2. The monthly monitoring charge will begin the date of activation by Subscriber. This contract will automatically renew itself unless either party gives written notice of its intent to cancel. The Subscriber understands there is a one month minimum for service and if the Subscriber cancels afterwards, the Subscriber is entitled to a full refund for any unused prepaid monitoring.
3. MEDICAL OR RELATED EXPENSES: In the event the Subscriber utilizes the Company as an Alternate Backup Contact, the Subscriber does hereby authorize the Company to seek to notify or obtain assistance. The Subscriber shall be obligated for and agrees to pay any costs and expenses incurred including, but not limited to, ambulance, physician or other medial assistance in obtaining assistance, or cost whatsoever incurred as a result of the Subscriber's use of the System.

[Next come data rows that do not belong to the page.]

(* Let $d\ge 1$ be an integer and let $\mathcal{P}$ be the set of all (nonempty) integer partitions. As formal power series, $$\sum_{\lambda\in\mathcal{P}}t^{\mathrm{mod}_d(\lambda)}x^{\ell(\lambda)}y^{\lambda_1}=\frac{txy(1-x)^d+\frac{xy}{x+y-1}\left(y^{d+1}-y(1-x)^d\right)}{(1-tx)(1-x)^d-y^{d+1}}.$$ In particular, $$\sum_{\lambda\in\mathcal{P}}t^{\mathrm{mod}'_d(\lambda)}x^{\Gamma(\lambda)}=\frac{x\left(tx^{d+1}+(1-tx)^d(x-1)\right)}{(1-x-tx)\left((1-tx)^d(x-1)+x^{d+1}\right)}.$$
   Context: A partition is a finite nonempty weakly decreasing sequence $\lambda=(\lambda_1,\ldots,\lambda_k)$ of positive integers; $\ell(\lambda)=k$ and $\lambda_1$ is the largest part. The perimeter is $\Gamma(\lambda)=\lambda_1+\ell(\lambda)-1$. $\mathrm{mod}_d(\lambda)=|\{i:\lambda_i\equiv 1\pmod{d+1}\}|$ and $\mathrm{mod}'_d(\lambda)=\ell(\lambda)-\mathrm{mod}_d(\lambda)$ (the number of parts not congruent to $1$ modulo $d+1$). *)

theory Defs
  imports "HOL-Computational_Algebra.Formal_Power_Series"
begin

definition partition :: "nat list \<Rightarrow> bool" where
  "partition l \<longleftrightarrow> l \<noteq> [] \<and> sorted_wrt (\<ge>) l \<and> (\<forall>p\<in>set l. 0 < p)"

definition largest :: "nat list \<Rightarrow> nat" where "largest l = hd l"

definition perim :: "nat list \<Rightarrow> nat" where "perim l = largest l + length l - 1"

definition modd :: "nat \<Rightarrow> nat list \<Rightarrow> nat" where
  "modd d l = length (filter (\<lambda>p. p mod (d+1) = 1 mod (d+1)) l)"
definition modd' :: "nat \<Rightarrow> nat list \<Rightarrow> nat" where
  "modd' d l = length l - modd d l"

text \<open>Trivariate power series in t,x,y: int fps fps fps, outer variable y,
  middle x, inner t.  Coefficient of y^k x^j t^i is F $ k $ j $ i.\<close>
definition Tv :: "int fps fps fps" where "Tv = fps_const (fps_const fps_X)"
definition Xv :: "int fps fps fps" where "Xv = fps_const fps_X"
definition Yv :: "int fps fps fps" where "Yv = fps_X"

definition GF3 :: "nat \<Rightarrow> int fps fps fps" where
  "GF3 d = Abs_fps (\<lambda>k. Abs_fps (\<lambda>j. Abs_fps (\<lambda>i.
     int (card {l. partition l \<and> largest l = k \<and> length l = j \<and> modd d l = i}))))"

text \<open>Bivariate power series in t,x: int fps fps, outer variable x, inner t.\<close>
definition T2 :: "int fps fps" where "T2 = fps_const fps_X"
definition X2 :: "int fps fps" where "X2 = fps_X"

definition GF2 :: "nat \<Rightarrow> int fps fps" where
  "GF2 d = Abs_fps (\<lambda>n. Abs_fps (\<lambda>i.
     int (card {l. partition l \<and> perim l = n \<and> modd' d l = i})))"

end

theory Submission
  imports Defs
begin

(*
  Mark the parts congruent to 1 mod d+1. For k >= 0 let A_k(x, t) be the generating function
  of the (possibly empty) partitions with all parts <= k, where x counts parts and t marked
  parts. Splitting off the largest part gives A_k = A_{k-1} + t^[k marked] x A_k, hence
  A_k = prod_{m <= k} 1 / (1 - t^[m marked] x); the partitions with largest part exactly k
  contribute A_k - A_{k-1}, so the trivariate series equals (1 - y) G - 1 for
  G = sum_k A_k y^k. Since the marking is periodic, A_{k+d+1} Q = A_k for the product
  Q = (1 - t x) (1 - x)^d of one period of factors, and A_k Q = (1 - x)^(d+1-k) for
  1 <= k <= d+1. Thus G (Q - y^(d+1)) is a polynomial in y whose non-constant part is a
  geometric sum, which yields the first identity. Marking the complementary parts instead and
  substituting y := x (the perimeter plus one is lambda_1 + l(lambda)) yields the second.
*)

unbundle fps_syntax

lemma prod_lessThan_periodic:
  fixes f :: "nat \<Rightarrow> 'a::comm_monoid_mult"
  assumes "\<And>m. f (m + p) = f m"
  shows "(\<Prod>m<p. f (k + m)) = (\<Prod>m<p. f m)"
proof (induction k)
  case (Suc k)
  show ?case
  proof (cases p)
    case (Suc n)
    have "(\<Prod>m<p. f (Suc k + m)) = (\<Prod>m<n. f (k + Suc m)) * f (k + p)"
      using Suc by (simp add: prod.lessThan_Suc add.commute add.left_commute)
    also have "\<dots> = f k * (\<Prod>m<n. f (k + Suc m))"
      using assms[of k] by (simp add: mult.commute)
    also have "\<dots> = (\<Prod>m<p. f (k + m))"
      unfolding Suc prod.lessThan_Suc_shift by simp
    finally show ?thesis using \<open>(\<Prod>m<p. f (k + m)) = (\<Prod>m<p. f m)\<close> by simp
  qed simp
qed simp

4. OPTION TO UPDATE MEDICAL DATA INFORMATION: At the option of the Subscriber, the Subscriber can authorize the System to setup a Personal Health Record ("PHR") account on Microsoft HealthVault. This account allows users and the ("System") to record their own personal health information into a Microsoft HealthVault Personal Health Record (PHR) account. Please see the teams and conditions listed on the Microsoft HealthVault website (http:www.healthvault.com). The PHR provides you with useful information about opportunities for improving the quality of your medical care that you can share with authorized persons, including Subscribers medical doctor, family, or friends. The PHR will contain only the information about your health that you choose to enter. Keeping your information up-to-date makes the PHR a more valuable tool for you. The subscriber, by verbal or written approval, can authorize the Company to help create and setup this account for them. After the account creation and setup all control including user IDs, temporary passwords, and authorizations are transferred to the Subscriber or any agent they designate. At this time, the Company will relinquish any control over the account and the Subscriber will have full control over the ("PHR") HealthVault account. The Company and System will only be able to add medical information that the Subscriber records in the System. In the event Subscriber cancels or changes their Microsoft HealthVault PHR account, or removes authorization for the System to add their medical information, Subscriber agrees to immediately notify the Company and to retest the System, as hereinabove provided, without delay.
5. AUTHORIZATION TO COMPANY: The Subscriber agrees to supply the appropriate telephone service or any other equipment that may be deemed necessary by the Company. The Company shall not be responsible for any costs of part and/or labor associated with adapting the Subscriber's telephone systems for use with the System. If the Subscriber should change their phone number, the Company must be notified. The Company is not responsible for interruptions in service due to failure by any third party providers
6. INTERRUPTIONS IN SERVICE: The Company assumes no liability for interruption of services due to strikes, riots, floods, fires, acts of God, mechanical or electrical equipment failures, or any cause beyond the control of the Company, and will not be required to supply service which said interruption may continue.
7. MISUSES AND ABUSE OF SERVICE: In the event the Subscriber violates any part of this agreement, misuses or abuses the System or causes an excessive number of false alarms, the Company may suspend all service and terminate this agreement upon giving thirty (30) days written notice to the Subscriber.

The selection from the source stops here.